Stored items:
____

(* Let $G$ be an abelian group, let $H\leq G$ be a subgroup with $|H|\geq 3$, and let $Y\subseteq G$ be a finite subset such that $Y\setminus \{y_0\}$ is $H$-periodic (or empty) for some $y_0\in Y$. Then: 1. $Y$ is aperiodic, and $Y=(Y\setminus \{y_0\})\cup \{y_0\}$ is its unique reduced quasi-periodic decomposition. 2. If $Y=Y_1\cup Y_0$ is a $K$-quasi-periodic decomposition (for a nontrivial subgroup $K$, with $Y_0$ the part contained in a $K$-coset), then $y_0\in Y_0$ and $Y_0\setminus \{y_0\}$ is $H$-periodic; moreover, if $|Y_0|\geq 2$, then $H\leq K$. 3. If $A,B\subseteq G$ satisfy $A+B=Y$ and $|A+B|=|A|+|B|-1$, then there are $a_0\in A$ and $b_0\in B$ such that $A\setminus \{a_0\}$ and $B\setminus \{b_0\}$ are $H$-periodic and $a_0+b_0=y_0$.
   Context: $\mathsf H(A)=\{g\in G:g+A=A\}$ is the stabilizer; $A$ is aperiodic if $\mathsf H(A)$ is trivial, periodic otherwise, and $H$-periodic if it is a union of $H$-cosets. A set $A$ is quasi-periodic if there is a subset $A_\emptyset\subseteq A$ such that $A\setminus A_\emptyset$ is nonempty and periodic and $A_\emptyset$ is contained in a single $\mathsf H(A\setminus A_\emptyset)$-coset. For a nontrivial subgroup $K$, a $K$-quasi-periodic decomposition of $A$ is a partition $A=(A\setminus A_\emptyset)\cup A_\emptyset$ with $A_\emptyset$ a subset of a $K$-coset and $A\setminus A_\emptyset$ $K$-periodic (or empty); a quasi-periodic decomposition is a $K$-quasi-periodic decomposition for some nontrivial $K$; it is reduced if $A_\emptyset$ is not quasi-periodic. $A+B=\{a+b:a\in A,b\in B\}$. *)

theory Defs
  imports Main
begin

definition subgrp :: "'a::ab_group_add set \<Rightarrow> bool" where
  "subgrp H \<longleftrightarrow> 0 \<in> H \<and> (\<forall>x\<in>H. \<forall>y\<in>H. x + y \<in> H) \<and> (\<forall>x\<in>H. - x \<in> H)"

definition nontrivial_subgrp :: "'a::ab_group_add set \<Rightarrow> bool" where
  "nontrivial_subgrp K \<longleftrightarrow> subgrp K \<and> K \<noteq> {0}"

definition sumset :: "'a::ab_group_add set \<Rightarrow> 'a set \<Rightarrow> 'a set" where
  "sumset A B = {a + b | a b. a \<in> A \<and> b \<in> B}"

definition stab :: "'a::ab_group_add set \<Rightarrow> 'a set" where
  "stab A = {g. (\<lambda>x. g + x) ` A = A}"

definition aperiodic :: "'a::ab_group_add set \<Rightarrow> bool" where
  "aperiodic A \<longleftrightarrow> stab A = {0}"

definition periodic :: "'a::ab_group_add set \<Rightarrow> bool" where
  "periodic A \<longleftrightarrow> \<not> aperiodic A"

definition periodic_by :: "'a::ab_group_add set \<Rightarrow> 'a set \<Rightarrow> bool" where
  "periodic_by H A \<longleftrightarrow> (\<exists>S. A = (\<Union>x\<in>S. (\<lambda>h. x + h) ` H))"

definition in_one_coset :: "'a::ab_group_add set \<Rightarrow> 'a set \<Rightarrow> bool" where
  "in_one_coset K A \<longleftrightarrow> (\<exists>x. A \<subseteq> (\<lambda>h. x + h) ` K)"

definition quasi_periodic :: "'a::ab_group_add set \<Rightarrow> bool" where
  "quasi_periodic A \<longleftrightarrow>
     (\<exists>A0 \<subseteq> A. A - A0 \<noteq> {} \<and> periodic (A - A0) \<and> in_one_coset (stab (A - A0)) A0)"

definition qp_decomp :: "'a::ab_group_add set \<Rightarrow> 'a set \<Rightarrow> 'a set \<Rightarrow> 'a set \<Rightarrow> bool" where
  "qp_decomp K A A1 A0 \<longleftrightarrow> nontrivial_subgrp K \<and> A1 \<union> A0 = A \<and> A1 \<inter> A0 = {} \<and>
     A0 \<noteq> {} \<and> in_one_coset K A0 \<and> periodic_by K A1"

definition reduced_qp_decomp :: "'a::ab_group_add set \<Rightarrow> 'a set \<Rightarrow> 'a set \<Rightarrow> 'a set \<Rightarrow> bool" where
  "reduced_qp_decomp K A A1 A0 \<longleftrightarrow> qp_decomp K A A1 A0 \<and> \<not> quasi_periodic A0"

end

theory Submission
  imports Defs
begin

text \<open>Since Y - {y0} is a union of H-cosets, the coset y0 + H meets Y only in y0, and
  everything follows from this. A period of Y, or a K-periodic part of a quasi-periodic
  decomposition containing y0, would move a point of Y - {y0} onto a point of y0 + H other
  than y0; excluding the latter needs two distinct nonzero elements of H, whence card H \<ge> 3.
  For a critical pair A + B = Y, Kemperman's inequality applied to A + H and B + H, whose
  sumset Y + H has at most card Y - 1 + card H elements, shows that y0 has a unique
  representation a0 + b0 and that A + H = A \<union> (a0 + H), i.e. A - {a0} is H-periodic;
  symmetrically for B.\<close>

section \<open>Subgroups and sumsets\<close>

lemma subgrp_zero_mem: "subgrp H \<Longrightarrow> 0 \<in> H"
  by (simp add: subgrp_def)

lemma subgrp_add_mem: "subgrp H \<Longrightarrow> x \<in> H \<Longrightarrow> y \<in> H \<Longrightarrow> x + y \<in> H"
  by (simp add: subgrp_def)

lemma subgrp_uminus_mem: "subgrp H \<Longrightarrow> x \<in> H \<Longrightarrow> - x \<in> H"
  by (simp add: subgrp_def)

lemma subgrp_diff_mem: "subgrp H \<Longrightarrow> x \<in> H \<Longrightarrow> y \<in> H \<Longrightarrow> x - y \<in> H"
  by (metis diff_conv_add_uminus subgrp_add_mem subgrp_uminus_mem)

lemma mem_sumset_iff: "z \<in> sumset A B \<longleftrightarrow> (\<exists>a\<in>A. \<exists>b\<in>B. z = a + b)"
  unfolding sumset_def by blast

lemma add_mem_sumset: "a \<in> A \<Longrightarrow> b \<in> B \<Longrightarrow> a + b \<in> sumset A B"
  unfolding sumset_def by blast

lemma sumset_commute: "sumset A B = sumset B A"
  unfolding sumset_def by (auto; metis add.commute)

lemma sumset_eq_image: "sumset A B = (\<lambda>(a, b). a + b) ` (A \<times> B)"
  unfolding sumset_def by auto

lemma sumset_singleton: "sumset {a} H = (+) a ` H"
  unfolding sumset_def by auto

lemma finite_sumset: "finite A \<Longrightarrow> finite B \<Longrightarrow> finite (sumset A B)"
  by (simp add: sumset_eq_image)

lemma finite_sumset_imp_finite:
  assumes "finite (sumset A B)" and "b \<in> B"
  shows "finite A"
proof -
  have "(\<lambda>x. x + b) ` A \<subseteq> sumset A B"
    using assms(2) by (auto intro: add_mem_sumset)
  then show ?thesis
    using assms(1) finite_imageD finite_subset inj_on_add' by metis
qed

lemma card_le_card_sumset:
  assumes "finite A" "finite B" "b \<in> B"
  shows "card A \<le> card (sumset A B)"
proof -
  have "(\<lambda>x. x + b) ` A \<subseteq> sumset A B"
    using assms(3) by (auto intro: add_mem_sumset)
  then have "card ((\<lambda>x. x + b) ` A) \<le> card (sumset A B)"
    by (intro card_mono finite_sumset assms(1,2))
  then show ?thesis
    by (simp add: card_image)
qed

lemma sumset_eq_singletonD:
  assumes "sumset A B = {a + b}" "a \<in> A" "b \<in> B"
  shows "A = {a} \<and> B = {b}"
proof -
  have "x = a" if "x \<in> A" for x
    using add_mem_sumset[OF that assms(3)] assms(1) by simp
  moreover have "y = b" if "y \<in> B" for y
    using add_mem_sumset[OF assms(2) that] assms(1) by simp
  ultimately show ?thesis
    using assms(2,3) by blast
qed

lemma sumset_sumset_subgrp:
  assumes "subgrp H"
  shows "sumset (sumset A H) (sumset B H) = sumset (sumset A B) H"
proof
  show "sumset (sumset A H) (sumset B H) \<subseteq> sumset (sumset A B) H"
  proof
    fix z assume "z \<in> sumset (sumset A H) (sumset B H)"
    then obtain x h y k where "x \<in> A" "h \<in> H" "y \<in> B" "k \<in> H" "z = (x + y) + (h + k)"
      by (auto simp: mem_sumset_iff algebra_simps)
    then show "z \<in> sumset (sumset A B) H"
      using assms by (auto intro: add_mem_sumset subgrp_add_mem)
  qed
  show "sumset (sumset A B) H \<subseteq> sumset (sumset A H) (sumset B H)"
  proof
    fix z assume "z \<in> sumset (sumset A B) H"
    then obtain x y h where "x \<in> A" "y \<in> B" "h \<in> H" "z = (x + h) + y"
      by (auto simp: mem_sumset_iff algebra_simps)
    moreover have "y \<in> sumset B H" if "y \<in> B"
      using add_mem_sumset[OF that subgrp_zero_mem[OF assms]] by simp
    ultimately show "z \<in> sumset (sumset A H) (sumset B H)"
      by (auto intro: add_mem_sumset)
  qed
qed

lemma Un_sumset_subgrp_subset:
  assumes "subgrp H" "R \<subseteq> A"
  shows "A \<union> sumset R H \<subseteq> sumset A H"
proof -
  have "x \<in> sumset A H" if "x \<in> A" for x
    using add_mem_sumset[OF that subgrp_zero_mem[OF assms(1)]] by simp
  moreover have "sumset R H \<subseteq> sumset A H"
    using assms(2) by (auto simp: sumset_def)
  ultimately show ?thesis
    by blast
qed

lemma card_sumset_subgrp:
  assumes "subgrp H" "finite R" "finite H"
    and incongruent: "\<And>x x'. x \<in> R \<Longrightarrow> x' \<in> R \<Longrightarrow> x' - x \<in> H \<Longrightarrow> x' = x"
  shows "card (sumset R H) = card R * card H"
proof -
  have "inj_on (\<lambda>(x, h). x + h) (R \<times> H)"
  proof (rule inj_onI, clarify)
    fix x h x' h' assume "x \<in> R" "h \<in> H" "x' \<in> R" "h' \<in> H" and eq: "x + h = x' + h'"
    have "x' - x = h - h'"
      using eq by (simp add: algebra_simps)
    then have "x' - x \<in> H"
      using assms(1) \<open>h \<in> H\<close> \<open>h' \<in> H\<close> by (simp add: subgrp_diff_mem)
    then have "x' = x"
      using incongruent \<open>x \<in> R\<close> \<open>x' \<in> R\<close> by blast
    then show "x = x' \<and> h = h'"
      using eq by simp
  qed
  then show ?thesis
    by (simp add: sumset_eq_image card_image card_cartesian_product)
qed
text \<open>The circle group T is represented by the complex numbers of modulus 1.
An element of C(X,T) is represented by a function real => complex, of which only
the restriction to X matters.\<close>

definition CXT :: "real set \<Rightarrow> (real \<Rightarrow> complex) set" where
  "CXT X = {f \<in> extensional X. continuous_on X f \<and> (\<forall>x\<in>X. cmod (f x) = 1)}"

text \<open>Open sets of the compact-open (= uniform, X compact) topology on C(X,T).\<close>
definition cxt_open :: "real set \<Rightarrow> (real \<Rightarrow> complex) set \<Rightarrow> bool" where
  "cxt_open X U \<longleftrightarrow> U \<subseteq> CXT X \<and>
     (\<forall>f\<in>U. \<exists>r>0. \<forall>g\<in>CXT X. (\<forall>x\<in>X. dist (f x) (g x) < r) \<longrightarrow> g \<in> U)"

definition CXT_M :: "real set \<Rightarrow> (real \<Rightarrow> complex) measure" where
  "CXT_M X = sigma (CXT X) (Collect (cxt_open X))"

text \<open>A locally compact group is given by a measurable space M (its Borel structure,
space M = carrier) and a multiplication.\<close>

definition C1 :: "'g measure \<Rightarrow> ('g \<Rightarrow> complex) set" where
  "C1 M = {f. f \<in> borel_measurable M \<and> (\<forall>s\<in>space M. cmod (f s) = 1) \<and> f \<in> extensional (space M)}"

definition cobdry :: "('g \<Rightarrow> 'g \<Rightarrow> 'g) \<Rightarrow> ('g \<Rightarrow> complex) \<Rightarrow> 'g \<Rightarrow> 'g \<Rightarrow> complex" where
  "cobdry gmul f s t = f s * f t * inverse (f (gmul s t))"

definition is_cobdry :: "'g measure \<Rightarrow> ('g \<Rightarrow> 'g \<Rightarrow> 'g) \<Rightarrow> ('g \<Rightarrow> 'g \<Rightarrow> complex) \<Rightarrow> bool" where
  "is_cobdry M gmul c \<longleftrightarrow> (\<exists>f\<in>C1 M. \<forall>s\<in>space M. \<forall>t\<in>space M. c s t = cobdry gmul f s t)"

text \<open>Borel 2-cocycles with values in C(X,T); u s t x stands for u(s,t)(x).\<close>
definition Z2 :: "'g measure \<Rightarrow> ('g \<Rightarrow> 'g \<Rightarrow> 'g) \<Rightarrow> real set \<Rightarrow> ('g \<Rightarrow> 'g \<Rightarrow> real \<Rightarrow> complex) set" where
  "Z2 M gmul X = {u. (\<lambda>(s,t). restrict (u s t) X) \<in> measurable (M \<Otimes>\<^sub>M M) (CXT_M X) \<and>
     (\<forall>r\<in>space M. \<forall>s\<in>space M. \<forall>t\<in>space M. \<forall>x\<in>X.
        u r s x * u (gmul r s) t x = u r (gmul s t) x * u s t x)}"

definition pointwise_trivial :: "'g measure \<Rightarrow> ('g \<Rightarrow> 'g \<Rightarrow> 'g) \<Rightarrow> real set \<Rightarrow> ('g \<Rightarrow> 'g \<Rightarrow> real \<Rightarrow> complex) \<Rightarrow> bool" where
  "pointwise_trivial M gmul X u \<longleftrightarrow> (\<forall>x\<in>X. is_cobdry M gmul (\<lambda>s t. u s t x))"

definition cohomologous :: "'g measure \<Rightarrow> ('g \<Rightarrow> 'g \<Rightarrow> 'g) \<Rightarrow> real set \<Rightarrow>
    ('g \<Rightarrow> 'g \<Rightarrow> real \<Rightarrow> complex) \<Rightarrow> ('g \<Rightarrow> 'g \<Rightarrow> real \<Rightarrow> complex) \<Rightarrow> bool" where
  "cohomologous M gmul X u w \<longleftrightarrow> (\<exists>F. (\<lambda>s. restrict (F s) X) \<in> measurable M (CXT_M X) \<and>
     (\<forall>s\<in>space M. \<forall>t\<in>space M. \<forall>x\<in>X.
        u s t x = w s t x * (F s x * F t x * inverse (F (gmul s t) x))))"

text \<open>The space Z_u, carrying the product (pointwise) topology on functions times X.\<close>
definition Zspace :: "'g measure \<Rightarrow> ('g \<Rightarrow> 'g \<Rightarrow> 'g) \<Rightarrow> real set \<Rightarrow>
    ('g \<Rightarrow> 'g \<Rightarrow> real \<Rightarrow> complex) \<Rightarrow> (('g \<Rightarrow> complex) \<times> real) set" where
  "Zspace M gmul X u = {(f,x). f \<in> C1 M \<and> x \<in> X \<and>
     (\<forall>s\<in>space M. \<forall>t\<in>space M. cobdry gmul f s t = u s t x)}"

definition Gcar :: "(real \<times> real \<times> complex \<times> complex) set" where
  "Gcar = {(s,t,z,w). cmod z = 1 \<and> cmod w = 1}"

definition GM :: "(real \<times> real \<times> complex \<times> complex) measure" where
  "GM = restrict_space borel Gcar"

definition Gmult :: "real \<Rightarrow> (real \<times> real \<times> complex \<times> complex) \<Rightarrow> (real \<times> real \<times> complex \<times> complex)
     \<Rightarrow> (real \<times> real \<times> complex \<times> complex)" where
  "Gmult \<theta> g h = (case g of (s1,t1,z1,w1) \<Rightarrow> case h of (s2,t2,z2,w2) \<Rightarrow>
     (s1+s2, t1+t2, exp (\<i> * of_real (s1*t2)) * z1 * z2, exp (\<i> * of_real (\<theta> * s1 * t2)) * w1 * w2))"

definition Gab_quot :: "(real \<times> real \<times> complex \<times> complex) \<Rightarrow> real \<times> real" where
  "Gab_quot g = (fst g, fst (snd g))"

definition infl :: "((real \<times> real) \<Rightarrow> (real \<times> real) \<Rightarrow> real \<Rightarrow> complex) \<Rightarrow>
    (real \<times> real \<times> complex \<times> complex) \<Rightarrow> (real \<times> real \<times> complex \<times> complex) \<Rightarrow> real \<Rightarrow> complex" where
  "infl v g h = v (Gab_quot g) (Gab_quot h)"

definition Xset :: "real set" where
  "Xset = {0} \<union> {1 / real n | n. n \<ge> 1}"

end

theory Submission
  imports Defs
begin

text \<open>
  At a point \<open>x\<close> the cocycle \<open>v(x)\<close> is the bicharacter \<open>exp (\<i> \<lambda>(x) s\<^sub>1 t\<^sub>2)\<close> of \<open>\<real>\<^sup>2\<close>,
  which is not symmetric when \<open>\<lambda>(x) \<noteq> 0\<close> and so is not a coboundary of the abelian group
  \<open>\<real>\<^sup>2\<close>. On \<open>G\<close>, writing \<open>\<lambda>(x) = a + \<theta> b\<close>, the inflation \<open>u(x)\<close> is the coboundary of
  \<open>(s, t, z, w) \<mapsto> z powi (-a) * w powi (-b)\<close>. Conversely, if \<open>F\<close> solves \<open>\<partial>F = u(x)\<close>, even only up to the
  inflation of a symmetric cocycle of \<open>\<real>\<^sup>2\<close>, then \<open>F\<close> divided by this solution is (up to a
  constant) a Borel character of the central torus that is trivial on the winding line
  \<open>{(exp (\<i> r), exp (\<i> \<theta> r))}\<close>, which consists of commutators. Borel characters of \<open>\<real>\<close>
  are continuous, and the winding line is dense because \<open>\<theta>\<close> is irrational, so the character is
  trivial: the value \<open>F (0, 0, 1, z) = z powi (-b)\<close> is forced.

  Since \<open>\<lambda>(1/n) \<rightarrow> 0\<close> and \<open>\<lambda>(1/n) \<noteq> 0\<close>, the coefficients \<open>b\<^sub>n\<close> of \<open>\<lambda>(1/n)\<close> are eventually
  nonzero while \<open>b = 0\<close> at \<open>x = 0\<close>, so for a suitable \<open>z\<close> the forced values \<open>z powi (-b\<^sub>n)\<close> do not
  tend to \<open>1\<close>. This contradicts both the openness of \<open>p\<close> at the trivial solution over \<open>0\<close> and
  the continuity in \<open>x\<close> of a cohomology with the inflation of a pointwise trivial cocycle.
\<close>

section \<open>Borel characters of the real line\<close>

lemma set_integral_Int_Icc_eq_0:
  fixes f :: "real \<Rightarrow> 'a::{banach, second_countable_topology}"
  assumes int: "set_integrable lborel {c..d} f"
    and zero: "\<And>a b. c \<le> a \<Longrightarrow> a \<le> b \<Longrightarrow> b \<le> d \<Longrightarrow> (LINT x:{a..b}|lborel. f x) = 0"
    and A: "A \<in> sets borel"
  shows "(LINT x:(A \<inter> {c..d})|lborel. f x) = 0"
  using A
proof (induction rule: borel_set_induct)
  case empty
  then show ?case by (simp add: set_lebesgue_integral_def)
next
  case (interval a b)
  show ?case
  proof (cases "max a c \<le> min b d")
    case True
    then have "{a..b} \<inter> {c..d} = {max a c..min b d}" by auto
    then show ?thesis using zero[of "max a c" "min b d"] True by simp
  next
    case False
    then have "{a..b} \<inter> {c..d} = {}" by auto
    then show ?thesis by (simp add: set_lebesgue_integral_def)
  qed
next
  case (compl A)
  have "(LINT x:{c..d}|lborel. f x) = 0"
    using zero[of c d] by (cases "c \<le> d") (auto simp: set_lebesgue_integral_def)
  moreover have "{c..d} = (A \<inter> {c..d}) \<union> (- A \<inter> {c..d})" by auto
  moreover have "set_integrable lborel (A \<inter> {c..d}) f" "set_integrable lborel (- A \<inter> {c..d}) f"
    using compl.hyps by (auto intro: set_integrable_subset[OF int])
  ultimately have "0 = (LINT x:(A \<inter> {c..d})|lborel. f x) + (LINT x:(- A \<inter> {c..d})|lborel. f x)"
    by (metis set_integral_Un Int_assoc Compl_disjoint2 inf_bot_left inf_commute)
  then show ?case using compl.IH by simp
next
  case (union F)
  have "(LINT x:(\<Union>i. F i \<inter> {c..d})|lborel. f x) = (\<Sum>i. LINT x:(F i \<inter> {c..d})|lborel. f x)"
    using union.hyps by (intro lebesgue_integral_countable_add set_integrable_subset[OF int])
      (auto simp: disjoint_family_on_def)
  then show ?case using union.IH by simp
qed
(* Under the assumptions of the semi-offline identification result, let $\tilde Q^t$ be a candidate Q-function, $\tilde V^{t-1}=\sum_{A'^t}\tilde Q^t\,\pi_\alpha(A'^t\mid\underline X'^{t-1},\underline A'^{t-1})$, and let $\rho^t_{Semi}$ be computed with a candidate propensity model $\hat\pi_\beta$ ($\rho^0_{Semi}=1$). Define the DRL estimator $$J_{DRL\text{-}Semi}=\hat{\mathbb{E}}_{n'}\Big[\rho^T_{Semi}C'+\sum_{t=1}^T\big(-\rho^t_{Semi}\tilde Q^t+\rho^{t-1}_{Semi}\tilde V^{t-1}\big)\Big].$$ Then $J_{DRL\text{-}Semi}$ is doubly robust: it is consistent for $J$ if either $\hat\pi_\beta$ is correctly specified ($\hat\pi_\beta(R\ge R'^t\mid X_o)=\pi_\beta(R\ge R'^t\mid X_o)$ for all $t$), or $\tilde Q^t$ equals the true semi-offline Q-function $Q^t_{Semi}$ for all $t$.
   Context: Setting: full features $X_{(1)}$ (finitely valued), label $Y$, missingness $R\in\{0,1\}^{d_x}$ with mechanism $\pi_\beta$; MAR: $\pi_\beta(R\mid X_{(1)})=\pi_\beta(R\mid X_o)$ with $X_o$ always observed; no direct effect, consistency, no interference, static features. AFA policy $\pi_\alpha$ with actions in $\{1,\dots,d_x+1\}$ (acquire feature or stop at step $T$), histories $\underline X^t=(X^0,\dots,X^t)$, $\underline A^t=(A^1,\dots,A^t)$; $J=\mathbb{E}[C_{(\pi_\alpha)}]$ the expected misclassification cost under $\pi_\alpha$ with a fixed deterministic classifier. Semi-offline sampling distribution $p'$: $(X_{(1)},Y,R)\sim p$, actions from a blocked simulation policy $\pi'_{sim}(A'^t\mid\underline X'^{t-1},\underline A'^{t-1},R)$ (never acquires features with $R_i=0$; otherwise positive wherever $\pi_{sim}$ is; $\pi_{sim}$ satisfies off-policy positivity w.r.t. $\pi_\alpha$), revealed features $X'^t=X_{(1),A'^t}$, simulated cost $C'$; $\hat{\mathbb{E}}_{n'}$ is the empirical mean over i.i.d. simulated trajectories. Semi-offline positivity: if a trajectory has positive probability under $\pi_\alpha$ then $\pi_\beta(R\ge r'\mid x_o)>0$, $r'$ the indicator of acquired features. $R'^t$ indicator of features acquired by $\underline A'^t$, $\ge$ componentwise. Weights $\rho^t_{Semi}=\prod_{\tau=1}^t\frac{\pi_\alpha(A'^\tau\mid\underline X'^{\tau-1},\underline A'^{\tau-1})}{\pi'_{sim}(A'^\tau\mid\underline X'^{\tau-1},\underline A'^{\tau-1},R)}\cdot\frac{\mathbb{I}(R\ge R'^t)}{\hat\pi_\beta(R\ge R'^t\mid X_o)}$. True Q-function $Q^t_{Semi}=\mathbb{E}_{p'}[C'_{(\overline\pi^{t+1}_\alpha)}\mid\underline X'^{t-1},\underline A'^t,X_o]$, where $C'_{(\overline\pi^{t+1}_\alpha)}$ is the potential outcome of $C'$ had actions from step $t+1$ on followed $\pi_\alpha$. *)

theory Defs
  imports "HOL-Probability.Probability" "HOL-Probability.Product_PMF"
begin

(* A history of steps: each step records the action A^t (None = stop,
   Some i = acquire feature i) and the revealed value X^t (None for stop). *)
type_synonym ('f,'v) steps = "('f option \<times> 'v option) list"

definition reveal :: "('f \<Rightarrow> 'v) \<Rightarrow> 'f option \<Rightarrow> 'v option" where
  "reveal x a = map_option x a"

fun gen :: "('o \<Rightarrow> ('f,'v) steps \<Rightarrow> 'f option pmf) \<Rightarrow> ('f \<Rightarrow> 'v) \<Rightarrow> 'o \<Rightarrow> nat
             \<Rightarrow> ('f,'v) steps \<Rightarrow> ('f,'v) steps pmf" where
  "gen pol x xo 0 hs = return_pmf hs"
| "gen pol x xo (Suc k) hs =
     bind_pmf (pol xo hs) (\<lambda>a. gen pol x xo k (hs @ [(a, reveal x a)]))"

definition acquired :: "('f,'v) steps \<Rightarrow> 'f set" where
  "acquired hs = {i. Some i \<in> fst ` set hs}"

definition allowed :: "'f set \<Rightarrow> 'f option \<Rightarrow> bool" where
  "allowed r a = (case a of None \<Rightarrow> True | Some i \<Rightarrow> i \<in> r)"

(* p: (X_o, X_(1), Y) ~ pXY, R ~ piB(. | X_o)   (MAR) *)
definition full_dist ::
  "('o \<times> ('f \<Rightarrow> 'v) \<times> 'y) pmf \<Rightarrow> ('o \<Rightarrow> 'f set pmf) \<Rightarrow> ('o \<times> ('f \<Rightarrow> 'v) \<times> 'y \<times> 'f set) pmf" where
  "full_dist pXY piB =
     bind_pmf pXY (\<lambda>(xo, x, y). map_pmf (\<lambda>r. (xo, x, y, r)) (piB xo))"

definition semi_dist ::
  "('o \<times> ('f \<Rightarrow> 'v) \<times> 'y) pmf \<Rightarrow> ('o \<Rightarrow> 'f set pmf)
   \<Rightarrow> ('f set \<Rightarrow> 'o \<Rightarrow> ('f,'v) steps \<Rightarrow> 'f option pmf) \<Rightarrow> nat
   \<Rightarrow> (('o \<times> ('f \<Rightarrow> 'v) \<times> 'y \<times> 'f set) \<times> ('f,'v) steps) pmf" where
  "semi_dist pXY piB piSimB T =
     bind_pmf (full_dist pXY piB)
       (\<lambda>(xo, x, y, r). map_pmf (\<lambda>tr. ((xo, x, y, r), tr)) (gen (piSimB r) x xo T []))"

____

The entries above hold the needed span. Transcribe exactly the lines from the one with "text \<open>Borel 2-cocycles" to the one with "u s t x = w", both included.

text \<open>Borel 2-cocycles with values in C(X,T); u s t x stands for u(s,t)(x).\<close>
definition Z2 :: "'g measure \<Rightarrow> ('g \<Rightarrow> 'g \<Rightarrow> 'g) \<Rightarrow> real set \<Rightarrow> ('g \<Rightarrow> 'g \<Rightarrow> real \<Rightarrow> complex) set" where
  "Z2 M gmul X = {u. (\<lambda>(s,t). restrict (u s t) X) \<in> measurable (M \<Otimes>\<^sub>M M) (CXT_M X) \<and>
     (\<forall>r\<in>space M. \<forall>s\<in>space M. \<forall>t\<in>space M. \<forall>x\<in>X.
        u r s x * u (gmul r s) t x = u r (gmul s t) x * u s t x)}"

definition pointwise_trivial :: "'g measure \<Rightarrow> ('g \<Rightarrow> 'g \<Rightarrow> 'g) \<Rightarrow> real set \<Rightarrow> ('g \<Rightarrow> 'g \<Rightarrow> real \<Rightarrow> complex) \<Rightarrow> bool" where
  "pointwise_trivial M gmul X u \<longleftrightarrow> (\<forall>x\<in>X. is_cobdry M gmul (\<lambda>s t. u s t x))"

definition cohomologous :: "'g measure \<Rightarrow> ('g \<Rightarrow> 'g \<Rightarrow> 'g) \<Rightarrow> real set \<Rightarrow>
    ('g \<Rightarrow> 'g \<Rightarrow> real \<Rightarrow> complex) \<Rightarrow> ('g \<Rightarrow> 'g \<Rightarrow> real \<Rightarrow> complex) \<Rightarrow> bool" where
  "cohomologous M gmul X u w \<longleftrightarrow> (\<exists>F. (\<lambda>s. restrict (F s) X) \<in> measurable M (CXT_M X) \<and>
     (\<forall>s\<in>space M. \<forall>t\<in>space M. \<forall>x\<in>X.
        u s t x = w s t x * (F s x * F t x * inverse (F (gmul s t) x))))"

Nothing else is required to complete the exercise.